Дайниченко немедля поднялся, картинно поклонился генералу и пошел к выходу.
– Анатолий Иванович, – окликнул его Дрыжанский тихонько и показал глазами на Лизаньку, – и ее предупредите, что, мол, понадобится вскорости, надо Ивана Ильича порадовать…
Анатолий Иванович еще раз картинно кивнул и, дождавшись конца песни, когда начались аплодисменты, склонился к Лизанькиному уху и (учен, учен, как с агентами говорить, – со стороны ничего не поймешь) прошептал быстро что-то, а Лизанька даже вся побледнела от волнения и шаль прикусила. Ноги ослабли. Села на краешек эстрады, лицо в ладони спрятала.
Дождь все льет и льет, а молодой паренек поглядывает на часы, а возле церкви, прижавшись к ее прогретой дневным солнцем стене, стояли окруженные конвоем Янош и Иван. Янош покашливает, Иван хмурится, просит паренька:
– Отведите его в дом, у него легкие больные, я один постою.
– Я те отведу в дом, – отвечает парень, – кончилось ваше время, паразиты… Товарищ командир! – крикнул он. – Время кончилось!
– Да ладно те… С Тулой связь оборвалась… сижу на аппарате – без толку. Молчат, как в бочку…
– Товарищ командир, они ж подосланные: мы с ими антимонии разводим, а беляк наверняка кольцом нас обкладает! Кончать их, и точка!
Парень вскинул винтовку. Командир в самый последний миг выбил у него из рук оружие, потому что сзади засветились два огонька в ночи – все ближе, ближе, ближе – автомобиль едет. Остановилась машина, выскочил из нее человек – весь в коже, командир скомандовал:
– Смирно! Равнение направо! Товарищ председатель Губчека…
Только не слушает его председатель Губчека, идет прямо к связанным, к Яношу и к Ивану, да не к Яношу идет к первому, а к Ивану, руки ему освобождает и целует трижды.
– Боже ты мой, – шепчет Савостьянов, – Петька Ястребов, быть того не может! – И к Яношу: – Я ж говорил вам: маскарад! Это Ястребов, корнет, мой ученик, я его в небо вывозил! Ай да Петька, ай да конспиратор!
– Товарищ предчека, – сказал командир, – то ж белый полковник Савостьянов…
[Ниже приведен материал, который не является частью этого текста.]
lemma radial_has_derivative:
  fixes y :: "'a::real_inner"
  assumes \<tau>0: "\<tau> 0 = 0" and \<tau>_deriv: "\<forall>r>0. (\<tau> has_real_derivative \<tau>' r) (at r)"
    and \<tau>'0: "\<tau>' 0 = 0"
    and little_o: "\<forall>e>0. \<exists>d>0. \<forall>r. 0 < r \<and> r < d \<longrightarrow> \<bar>\<tau> r\<bar> \<le> e * r"
  shows "((\<lambda>z. \<tau> (norm (z - y))) has_derivative (\<lambda>h. \<tau>' (norm (x - y)) * (h \<bullet> sgn (x - y)))) (at x)"
proof (cases "x = y")
  case False
  then have d1: "((\<lambda>z. norm (z - y)) has_derivative (\<lambda>h. h \<bullet> sgn (x - y))) (at x)"
    using has_derivative_compose[OF has_derivative_diff[OF has_derivative_ident has_derivative_const]
        has_derivative_norm[of "x - y"]] by simp
  have d2: "(\<tau> has_derivative (\<lambda>u. \<tau>' (norm (x - y)) * u)) (at (norm (x - y)))"
    using has_field_derivative_imp_has_derivative[OF \<tau>_deriv[rule_format]] False by simp
  show ?thesis
    using has_derivative_compose[OF d1 d2] by simp
next
  case True
  have "((\<lambda>h. norm (\<tau> (norm h)) / norm h) \<longlongrightarrow> 0) (at (0::'a))"
    unfolding LIM_eq
  proof (intro allI impI)
    fix e :: real assume e: "e > 0"
    obtain d where d: "d > 0" "\<forall>r. 0 < r \<and> r < d \<longrightarrow> \<bar>\<tau> r\<bar> \<le> e / 2 * r"
      using little_o e by (meson half_gt_zero)
    have "\<bar>\<tau> (norm h)\<bar> / norm h < e" if "h \<noteq> 0" "norm h < d" for h :: 'a
    proof -
      have "\<bar>\<tau> (norm h)\<bar> / norm h \<le> e / 2"
        using d that by (simp add: divide_le_eq)
      then show ?thesis using e by linarith
    qed
    then show "\<exists>s>0. \<forall>h::'a. h \<noteq> 0 \<and> norm (h - 0) < s \<longrightarrow> norm (norm (\<tau> (norm h)) / norm h - 0) < e"
      using d(1) by (intro exI[of _ d]) auto
  qed
  then show ?thesis
    using True by (simp add: has_derivative_at \<tau>0 \<tau>'0)
qed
– То лучший летчик России, – сказал Ястребов. – Простите, товарищ Перцель.
– Спасибо за революционную бдительность! – выкрикнул Янош и снял с головы кепочку, и шагнул к жертвам белого произвола – вечная слава героям, павшим за революцию…
Поползли шапки с голов, отзвучал ружейный салют…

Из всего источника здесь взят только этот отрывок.